--- Extracted data Enclosed Below ---

(* Let $Fil_{10}$ be the set of parameter values $(a_1,a_2,a_4,a_5,a_7,\dots,a_{15})$ of the family $F_{10}$ satisfying $a_1(2a_2+7a_4+7a_7)=0$, $3a_4^2+3a_4a_7-2a_2a_7=0$, $a_1(2a_9+5a_{11})-2a_2a_{10}+a_4(7a_8-2a_{10})+a_7(-3a_5+2a_8-7a_{10})=0$. Then $Fil_{10}=Fil_{10}(1)\cup Fil_{10}(2)\cup Fil_{10}(3)$, where $Fil_{10}(1)$ is defined by $a_1=0$, $3a_4^2+3a_4a_7-2a_2a_7=0$, $-2a_2a_{10}+a_4(7a_8-2a_{10})+a_7(-3a_5+2a_8-7a_{10})=0$; $Fil_{10}(2)$ is defined by $a_2=0$, $a_4=-a_7$, $a_1(2a_9+5a_{11})+a_4(3a_5+5a_8+5a_{10})=0$; $Fil_{10}(3)$ is defined by $a_2=-2a_4$, $3a_4=-7a_7$, $a_1(2a_9+5a_{11})+a_4\left(\tfrac97a_5+\tfrac{43}{7}a_8+5a_{10}\right)=0$. Consequently the set of 10-dimensional filiform Lie brackets is the union of the $GL(10,\mathbb{K})$-orbits of these three sets.
   Context: $\mathbb{K}$ is algebraically closed of characteristic $0$. The family $F_{10}$ on basis $\{X_0,\dots,X_9\}$: $\mu(X_0,X_i)=X_{i+1}$ ($1\le i\le 8$), $\mu(X_2,X_7)=a_1X_9$, $\mu(X_1,X_7)=a_1X_8+a_2X_9$, $\mu(X_3,X_6)=-a_1X_9$, $\mu(X_2,X_6)=a_4X_9$, $\mu(X_1,X_6)=a_1X_7+(a_2+a_4)X_8+a_5X_9$, $\mu(X_4,X_5)=a_1X_9$, $\mu(X_3,X_5)=a_7X_9$, $\mu(X_2,X_5)=(a_4+a_7)X_8+a_8X_9$, $\mu(X_1,X_5)=a_1X_6+(a_2+2a_4+a_7)X_7+(a_5+a_8)X_8+a_9X_9$, $\mu(X_3,X_4)=a_7X_8+a_{10}X_9$, $\mu(X_2,X_4)=(a_4+2a_7)X_7+(a_8+a_{10})X_8+a_{11}X_9$, $\mu(X_1,X_4)=a_1X_5+(a_2+3a_4+3a_7)X_6+(a_5+2a_8+a_{10})X_7+(a_9+a_{11})X_8+a_{12}X_9$, $\mu(X_2,X_3)=(a_4+2a_7)X_6+(a_8+a_{10})X_7+a_{11}X_8+a_{13}X_9$, $\mu(X_1,X_3)=a_1X_4+(a_2+4a_4+5a_7)X_5+(a_5+3a_8+2a_{10})X_6+(a_9+2a_{11})X_7+(a_{12}+a_{13})X_8+a_{14}X_9$, $\mu(X_1,X_2)=a_1X_3+(a_2+4a_4+5a_7)X_4+(a_5+3a_8+2a_{10})X_5+(a_9+2a_{11})X_6+(a_{12}+a_{13})X_7+a_{14}X_8+a_{15}X_9$, others zero. Every 10-dimensional filiform Lie algebra is isomorphic to a member of $F_{10}$ with parameters in $Fil_{10}$. *)

theory Defs
  imports "HOL-Computational_Algebra.Polynomial"
begin

text \<open>Parameters (a_1,a_2,a_4,a_5,a_7,...,a_15) of the family F_10 are encoded as a
  function a :: nat => 'a; only the indices 1,2,4,5,7,...,15 are relevant.\<close>

definition Fil10 :: "(nat \<Rightarrow> 'a::field) set" where
  "Fil10 = {a. a 1 * (2 * a 2 + 7 * a 4 + 7 * a 7) = 0
            \<and> 3 * a 4 ^ 2 + 3 * a 4 * a 7 - 2 * a 2 * a 7 = 0
            \<and> a 1 * (2 * a 9 + 5 * a 11) - 2 * a 2 * a 10 + a 4 * (7 * a 8 - 2 * a 10)
                + a 7 * (- 3 * a 5 + 2 * a 8 - 7 * a 10) = 0}"

definition Fil10_1 :: "(nat \<Rightarrow> 'a::field) set" where
  "Fil10_1 = {a. a 1 = 0
            \<and> 3 * a 4 ^ 2 + 3 * a 4 * a 7 - 2 * a 2 * a 7 = 0
            \<and> - 2 * a 2 * a 10 + a 4 * (7 * a 8 - 2 * a 10)
                + a 7 * (- 3 * a 5 + 2 * a 8 - 7 * a 10) = 0}"

definition Fil10_2 :: "(nat \<Rightarrow> 'a::field) set" where
  "Fil10_2 = {a. a 2 = 0 \<and> a 4 = - a 7
            \<and> a 1 * (2 * a 9 + 5 * a 11) + a 4 * (3 * a 5 + 5 * a 8 + 5 * a 10) = 0}"

definition Fil10_3 :: "(nat \<Rightarrow> 'a::field) set" where
  "Fil10_3 = {a. a 2 = - 2 * a 4 \<and> 3 * a 4 = - 7 * a 7
            \<and> a 1 * (2 * a 9 + 5 * a 11)
                + a 4 * (9 / 7 * a 5 + 43 / 7 * a 8 + 5 * a 10) = 0}"

definition alg_closed_field :: "'a::field itself \<Rightarrow> bool" where
  "alg_closed_field _ \<longleftrightarrow> (\<forall>p :: 'a poly. degree p \<ge> 1 \<longrightarrow> (\<exists>x. poly p x = 0))"

end

theory Submission
  imports Defs
begin

text \<open>Each of the three components satisfies the defining equations of \<open>Fil10\<close> by direct
  substitution. Conversely, if \<open>a\<^sub>1 = 0\<close> the equations of \<open>Fil10\<close> are those of \<open>Fil10(1)\<close>;
  otherwise \<open>2a\<^sub>2 + 7a\<^sub>4 + 7a\<^sub>7 = 0\<close>, and modulo this linear relation the quadratic equation
  factors as \<open>(3a\<^sub>4 + 7a\<^sub>7)(a\<^sub>4 + a\<^sub>7) = 0\<close>; the two factors give \<open>Fil10(2)\<close> and \<open>Fil10(3)\<close>.\<close>

lemma Fil10_quadric_factorization:
  fixes x\<^sub>2 x\<^sub>4 x\<^sub>7 :: "'a::comm_ring_1"
  shows "3 * x\<^sub>4 ^ 2 + 3 * x\<^sub>4 * x\<^sub>7 - 2 * x\<^sub>2 * x\<^sub>7
           = (3 * x\<^sub>4 + 7 * x\<^sub>7) * (x\<^sub>4 + x\<^sub>7) - x\<^sub>7 * (2 * x\<^sub>2 + 7 * x\<^sub>4 + 7 * x\<^sub>7)"
  by (simp add: algebra_simps power2_eq_square)

lemma Fil10_1_subset_Fil10: "Fil10_1 \<subseteq> Fil10"
  by (auto simp add: Fil10_def Fil10_1_def)

lemma Fil10_2_subset_Fil10: "(Fil10_2 :: (nat \<Rightarrow> 'a::field) set) \<subseteq> Fil10"
  by (auto simp add: Fil10_def Fil10_2_def power2_eq_square algebra_simps)

lemma Fil10_3_subset_Fil10: "(Fil10_3 :: (nat \<Rightarrow> 'a::field_char_0) set) \<subseteq> Fil10"
proof
  fix a :: "nat \<Rightarrow> 'a"
  assume "a \<in> Fil10_3"
  hence a7: "a 7 = - 3 * a 4 / 7" and a2: "a 2 = - 2 * a 4"
    and e: "a 1 * (2 * a 9 + 5 * a 11) + a 4 * (9 / 7 * a 5 + 43 / 7 * a 8 + 5 * a 10) = 0"
    by (auto simp add: Fil10_3_def field_simps)
  show "a \<in> Fil10"
    unfolding Fil10_def mem_Collect_eq using e by (simp add: a7 a2 field_simps power2_eq_square)
qed

lemma Fil10_a1_nonzero:
  fixes a :: "nat \<Rightarrow> 'a::field_char_0"
  assumes "a \<in> Fil10" and "a 1 \<noteq> 0"
  shows "a \<in> Fil10_2 \<union> Fil10_3"
proof -
  have lin: "2 * a 2 + 7 * a 4 + 7 * a 7 = 0"
    using assms by (simp add: Fil10_def)
  have quadric: "3 * a 4 ^ 2 + 3 * a 4 * a 7 - 2 * a 2 * a 7 = 0"
    and bilinear: "a 1 * (2 * a 9 + 5 * a 11) - 2 * a 2 * a 10 + a 4 * (7 * a 8 - 2 * a 10)
                + a 7 * (- 3 * a 5 + 2 * a 8 - 7 * a 10) = 0"
    using assms(1) by (simp_all add: Fil10_def)
  have a2: "a 2 = - 7 * (a 4 + a 7) / 2"
  proof -
    have "a 2 = ((2 * a 2 + 7 * a 4 + 7 * a 7) - 7 * (a 4 + a 7)) / 2"
      by (simp add: algebra_simps)
    also have "\<dots> = - 7 * (a 4 + a 7) / 2"
      using lin by simp
    finally show ?thesis .
  qed
  have "(3 * a 4 + 7 * a 7) * (a 4 + a 7) = 0"
    using quadric lin by (simp add: Fil10_quadric_factorization)
  then consider "a 4 + a 7 = 0" | "3 * a 4 + 7 * a 7 = 0"
    by auto
  then show ?thesis
  proof cases
    case 1
    hence a7: "a 7 = - a 4" and a2': "a 2 = 0"
      using a2 by (simp_all add: eq_neg_iff_add_eq_0 add.commute)
    have "a 1 * (2 * a 9 + 5 * a 11) + a 4 * (3 * a 5 + 5 * a 8 + 5 * a 10) = 0"
      using bilinear by (simp add: a7 a2' algebra_simps)
    thus ?thesis using a7 a2' by (simp add: Fil10_2_def)
  next
    case 2
    have "a 7 = ((3 * a 4 + 7 * a 7) - 3 * a 4) / 7"
      by (simp add: algebra_simps)
    hence a7: "a 7 = - 3 * a 4 / 7"
      using 2 by simp
    have a2': "a 2 = - 2 * a 4"
      using a2 by (simp add: a7 field_simps)
    have "a 1 * (2 * a 9 + 5 * a 11) + a 4 * (9 / 7 * a 5 + 43 / 7 * a 8 + 5 * a 10) = 0"
      using bilinear by (simp add: a7 a2' field_simps)
    moreover have "3 * a 4 = - 7 * a 7"
      using a7 by simp
    ultimately show ?thesis using a2' by (simp add: Fil10_3_def)
  qed
qed

theorem proposition29:
  assumes "alg_closed_field TYPE('a::field_char_0)"
  shows "(Fil10 :: (nat \<Rightarrow> 'a) set) = Fil10_1 \<union> Fil10_2 \<union> Fil10_3"
proof
  show "(Fil10 :: (nat \<Rightarrow> 'a) set) \<subseteq> Fil10_1 \<union> Fil10_2 \<union> Fil10_3"
  proof
    fix a :: "nat \<Rightarrow> 'a"
    assume "a \<in> Fil10"
    then show "a \<in> Fil10_1 \<union> Fil10_2 \<union> Fil10_3"
      using Fil10_a1_nonzero by (cases "a 1 = 0") (auto simp add: Fil10_def Fil10_1_def)
  qed
  show "Fil10_1 \<union> Fil10_2 \<union> Fil10_3 \<subseteq> (Fil10 :: (nat \<Rightarrow> 'a) set)"
    using Fil10_1_subset_Fil10 Fil10_2_subset_Fil10 Fil10_3_subset_Fil10 by blast
qed

end
(* If $X$ is a regular set star Menger space, then every closed discrete subspace of $X$ has cardinality less than $\mathfrak c$. Hence $e(X)\leq\mathfrak c$.
   Context: For a family $\mathcal U$ of subsets of $X$ and $A\subseteq X$, $st(A,\mathcal U)=\bigcup\{U\in\mathcal U: U\cap A\neq\emptyset\}$. A space $X$ is set star Menger if for every nonempty $A\subseteq X$ and every sequence $(\mathcal U_n:n\in\omega)$ of families of open subsets of $X$ with $\overline A\subseteq\bigcup\mathcal U_n$ for all $n$, there are finite $\mathcal V_n\subseteq\mathcal U_n$ ($n\in\omega$) with $A\subseteq\bigcup_{n}st(\bigcup\mathcal V_n,\mathcal U_n)$. The extent $e(X)$ is the supremum of cardinalities of closed discrete subsets of $X$; $\mathfrak c=2^{\aleph_0}$. *)

theory Defs
  imports "HOL-Analysis.Analysis" "HOL-Library.Equipollence"
begin

definition st :: "'a set \<Rightarrow> 'a set set \<Rightarrow> 'a set" where
  "st A \<U> = \<Union>{U \<in> \<U>. U \<inter> A \<noteq> {}}"

definition set_star_Menger :: "'a topology \<Rightarrow> bool" where
  "set_star_Menger X \<longleftrightarrow>
     (\<forall>A (\<U> :: nat \<Rightarrow> 'a set set). A \<noteq> {} \<and> A \<subseteq> topspace X \<and>
        (\<forall>n. (\<forall>U\<in>\<U> n. openin X U) \<and> X closure_of A \<subseteq> \<Union>(\<U> n))
      \<longrightarrow> (\<exists>\<V>. (\<forall>n. finite (\<V> n) \<and> \<V> n \<subseteq> \<U> n) \<and>
                 A \<subseteq> (\<Union>n. st (\<Union>(\<V> n)) (\<U> n))))"

end

theory Submission imports Defs begin

text \<open>
  Suppose a closed discrete set \<open>D\<close> has size at least continuum, and index points \<open>d\<^sub>t \<in> D\<close>
  injectively by the sets \<open>t \<subseteq> \<nat>\<close>. Each \<open>t\<close> can also be read as a code of a sequence
  \<open>(F\<^sub>n)\<close> of finite sets of indices, and by a Cantor diagonal argument every such sequence
  has a code \<open>t\<close> that lies in no \<open>F\<^sub>n\<close>. Regularity gives open \<open>B\<^sub>t \<ni> d\<^sub>t\<close> whose closure
  meets \<open>D\<close> only in \<open>d\<^sub>t\<close>. Let \<open>W\<^sub>n\<^sub>,\<^sub>t\<close> be \<open>B\<^sub>t\<close> minus the closures of the \<open>B\<^sub>s\<close> with
  \<open>s \<noteq> t\<close> in the \<open>n\<close>-th set coded by \<open>t\<close>. The set star Menger property applied to
  \<open>{d\<^sub>t}\<close> and the covers \<open>{W\<^sub>n\<^sub>,\<^sub>t}\<^sub>t\<close> selects finite index sets \<open>F\<^sub>n\<close>. For a code \<open>t\<close> of
  \<open>(F\<^sub>n)\<close> avoiding all \<open>F\<^sub>n\<close>, the only cover member containing \<open>d\<^sub>t\<close> is \<open>W\<^sub>n\<^sub>,\<^sub>t\<close>, and it
  is disjoint from every selected set, so \<open>d\<^sub>t\<close> escapes all the stars.
\<close>

lemma lepoll_total: "A \<lesssim> B \<or> B \<lesssim> A"
  using ordLeq_total[OF card_of_Well_order[of A] card_of_Well_order[of B]]
  unfolding lepoll_def card_of_ordLeq[symmetric] .

text \<open>
  The members of the \<open>n\<close>-th set are read off channel \<open>1\<close> of \<open>t\<close> (the first component of
  \<open>prod_encode\<close>) and its length off channel \<open>2\<close>; channel \<open>0\<close> is ignored, which leaves room
  for the diagonalisation.
\<close>
definition decode_finite_sets_seq :: "nat set \<Rightarrow> nat \<Rightarrow> nat set set" where
  "decode_finite_sets_seq t n =
     (\<lambda>i. {m. prod_encode (1, prod_encode (n, prod_encode (i, m))) \<in> t})
       ` {..<LEAST k. prod_encode (2, prod_encode (n, k)) \<in> t}"

lemma finite_decode_finite_sets_seq [simp]: "finite (decode_finite_sets_seq t n)"
  by (simp add: decode_finite_sets_seq_def)

lemma decode_finite_sets_seq_surj_diagonal:
  assumes "\<And>n. finite (F n)"
  obtains t where "decode_finite_sets_seq t = F" "\<And>n. t \<notin> F n"
proof -
  have "\<forall>n. \<exists>f k. F n = f ` {..<k::nat}"
    using assms by (metis finite_conv_nat_seg_image lessThan_def)
  then obtain f k where F: "\<And>n. F n = f n ` {..<k n :: nat}"
    by metis
  define t where "t =
     {prod_encode (0, prod_encode (n, i)) | n i. prod_encode (0, prod_encode (n, i)) \<notin> f n i} \<union>
     {prod_encode (1, prod_encode (n, prod_encode (i, m))) | n i m. m \<in> f n i} \<union>
     {prod_encode (2, prod_encode (n, k n)) | n. True}"
  have diagonal: "prod_encode (0, prod_encode (n, i)) \<in> t \<longleftrightarrow>
      prod_encode (0, prod_encode (n, i)) \<notin> f n i" for n i
    by (auto simp: t_def)
  have elements: "{m. prod_encode (1, prod_encode (n, prod_encode (i, m))) \<in> t} = f n i"
    for n i
    by (auto simp: t_def)
  have length: "(LEAST l. prod_encode (2, prod_encode (n, l)) \<in> t) = k n" for n
    by (rule Least_equality) (auto simp: t_def)
  have "decode_finite_sets_seq t n = F n" for n
    unfolding decode_finite_sets_seq_def elements length F ..
  moreover have "t \<notin> F n" for n
    using diagonal by (auto simp: F)
  ultimately show thesis
    using that by blast
qed

lemma closedin_subset_closed_discrete:
  assumes "closedin X D" "subtopology X D = discrete_topology D" "S \<subseteq> D"
  shows "closedin X S"
proof -
  have "closedin (subtopology X D) S"
    using assms(2,3) by simp
  then show ?thesis
    using assms(1) closedin_closed_subtopology by blast
qed

lemma regular_space_closed_discrete_isolating_nbhd:
  assumes "regular_space X" "closedin X D" "subtopology X D = discrete_topology D" "d \<in> D"
  obtains B where "openin X B" "d \<in> B" "X closure_of B \<inter> D \<subseteq> {d}"
proof -
  have "closedin X (D - {d})"
    using assms(2,3) closedin_subset_closed_discrete by blast
  moreover have "d \<in> topspace X - (D - {d})"
    using assms(2,4) closedin_subset by blast
  ultimately obtain B where "openin X B" "d \<in> B" "disjnt (D - {d}) (X closure_of B)"
    using assms(1) unfolding regular_space by blast
  then show thesis
    using that by (auto simp: disjnt_iff)
qed

lemma set_star_Menger_closed_indexed:
  fixes W :: "nat \<Rightarrow> 'i \<Rightarrow> 'a set"
  assumes "set_star_Menger X" "closedin X A" "A \<noteq> {}"
    and "\<And>n i. openin X (W n i)" "\<And>n. A \<subseteq> (\<Union>i. W n i)"
  obtains F where "\<And>n. finite (F n)" "A \<subseteq> (\<Union>n. st (\<Union>(W n ` F n)) (range (W n)))"
proof -
  have "X closure_of A = A"
    using assms(2) closure_of_closedin by blast
  then have "A \<noteq> {} \<and> A \<subseteq> topspace X \<and>
      (\<forall>n. (\<forall>U \<in> range (W n). openin X U) \<and> X closure_of A \<subseteq> \<Union>(range (W n)))"
    using assms(3-5) closedin_subset[OF assms(2)] by auto
  then have "\<exists>\<V>. (\<forall>n. finite (\<V> n) \<and> \<V> n \<subseteq> range (W n)) \<and>
      A \<subseteq> (\<Union>n. st (\<Union>(\<V> n)) (range (W n)))"
    by (rule assms(1)[unfolded set_star_Menger_def, rule_format])
  then obtain \<V> where \<V>: "\<forall>n. finite (\<V> n) \<and> \<V> n \<subseteq> range (W n)"
    and cover: "A \<subseteq> (\<Union>n. st (\<Union>(\<V> n)) (range (W n)))"
    by blast
  have "\<exists>F. finite F \<and> \<V> n = W n ` F" for n
    using finite_subset_image \<V> by meson
  then obtain F where "\<And>n. finite (F n)" "\<And>n. \<V> n = W n ` F n"
    by metis
  then show thesis
    using that[of F] cover by simp
qed

lemma set_star_Menger_excludes_decoded_separation:
  fixes j :: "nat set \<Rightarrow> 'a" and W :: "nat \<Rightarrow> nat set \<Rightarrow> 'a set"
  assumes "set_star_Menger X" "closedin X (range j)"
    and W_open: "\<And>n t. openin X (W n t)"
    and W_own_point: "\<And>n s t. j s \<in> W n t \<longleftrightarrow> s = t"
    and W_separated: "\<And>n s t. s \<in> decode_finite_sets_seq t n \<Longrightarrow> s \<noteq> t \<Longrightarrow> W n t \<inter> W n s = {}"
  shows False
proof -
  have "range j \<noteq> {}"
    by simp
  moreover have "range j \<subseteq> (\<Union>t. W n t)" for n
    using W_own_point by blast
  ultimately obtain F where F: "\<And>n. finite (F n)"
    and stars: "range j \<subseteq> (\<Union>n. st (\<Union>(W n ` F n)) (range (W n)))"
    by (rule set_star_Menger_closed_indexed[where W = W, OF assms(1,2) _ W_open]) blast
  obtain t where t: "decode_finite_sets_seq t = F" "\<And>n. t \<notin> F n"
    using decode_finite_sets_seq_surj_diagonal F by metis
  obtain n s s' where s: "j t \<in> W n s" and s': "s' \<in> F n" "W n s \<inter> W n s' \<noteq> {}"
    using stars unfolding st_def by blast
  have "s = t"
    using W_own_point s by blast
  then show False
    using W_separated[of s' t n] s' t by auto
qed

lemma set_star_Menger_not_continuum_lepoll_closed_discrete:
  assumes "regular_space X" "set_star_Menger X"
    and "closedin X D" "subtopology X D = discrete_topology D"
  shows "\<not> (UNIV :: nat set set) \<lesssim> D"
proof
  assume "(UNIV :: nat set set) \<lesssim> D"
  then obtain j :: "nat set \<Rightarrow> 'a" where j: "inj j" "range j \<subseteq> D"
    unfolding lepoll_def by blast
  then have jD: "j t \<in> D" for t
    by blast
  have "\<exists>B. openin X B \<and> d \<in> B \<and> X closure_of B \<inter> D \<subseteq> {d}" if "d \<in> D" for d
    using regular_space_closed_discrete_isolating_nbhd[OF assms(1,3,4) that] by blast
  then obtain B where B: "\<And>d. d \<in> D \<Longrightarrow> openin X (B d)" "\<And>d. d \<in> D \<Longrightarrow> d \<in> B d"
    "\<And>d. d \<in> D \<Longrightarrow> X closure_of B d \<inter> D \<subseteq> {d}"
    by metis
  define W where "W n t =
    B (j t) - (\<Union>s \<in> decode_finite_sets_seq t n - {t}. X closure_of B (j s))" for n t
  have B_closure: "B (j t) \<subseteq> X closure_of B (j t)" for t
    using B(1)[OF jD] closure_of_subset openin_subset by metis
  show False
  proof (rule set_star_Menger_excludes_decoded_separation[OF assms(2)])
    show "closedin X (range j)"
      using closedin_subset_closed_discrete[OF assms(3,4) j(2)] .
    show "openin X (W n t)" for n t
      unfolding W_def by (intro openin_diff closedin_Union B(1) jD) auto
    show "W n t \<inter> W n s = {}" if "s \<in> decode_finite_sets_seq t n" "s \<noteq> t" for n s t
      using that B_closure unfolding W_def by blast
    show "j s \<in> W n t \<longleftrightarrow> s = t" for n s t
    proof
      assume "j s \<in> W n t"
      then have "j s \<in> X closure_of B (j t) \<inter> D"
        using B_closure jD unfolding W_def by blast
      then show "s = t"
        using B(3)[OF jD] j(1) by (auto dest: injD)
    next
      assume "s = t"
      have "j t \<notin> X closure_of B (j s')" if "s' \<noteq> t" for s'
        using B(3)[OF jD, of s'] jD[of t] j(1) that by (auto dest: injD)
      then show "j s \<in> W n t"
        using \<open>s = t\<close> B(2)[OF jD] unfolding W_def by blast
    qed
  qed
qed

theorem theorem2p2:
  fixes X :: "'a topology"
  assumes "regular_space X" and "set_star_Menger X"
  shows "\<forall>D. closedin X D \<and> subtopology X D = discrete_topology D
           \<longrightarrow> D \<prec> (UNIV :: real set)"
proof (intro allI impI)
  fix D
  assume "closedin X D \<and> subtopology X D = discrete_topology D"
  then have "\<not> (UNIV :: nat set set) \<lesssim> D"
    using set_star_Menger_not_continuum_lepoll_closed_discrete assms by blast
  then have "\<not> (UNIV :: real set) \<lesssim> D"
    using nat_sets_eqpoll_reals lepoll_trans1 by blast
  then show "D \<prec> (UNIV :: real set)"
    using lepoll_total eqpoll_imp_lepoll eqpoll_sym unfolding lesspoll_def by blast
qed

end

--- End of Enclosed Extracted data ---

(Description of the task): Within the data above, tally every line that has "equations" in it. Answer with the number only.

(Reply to the exercise): 2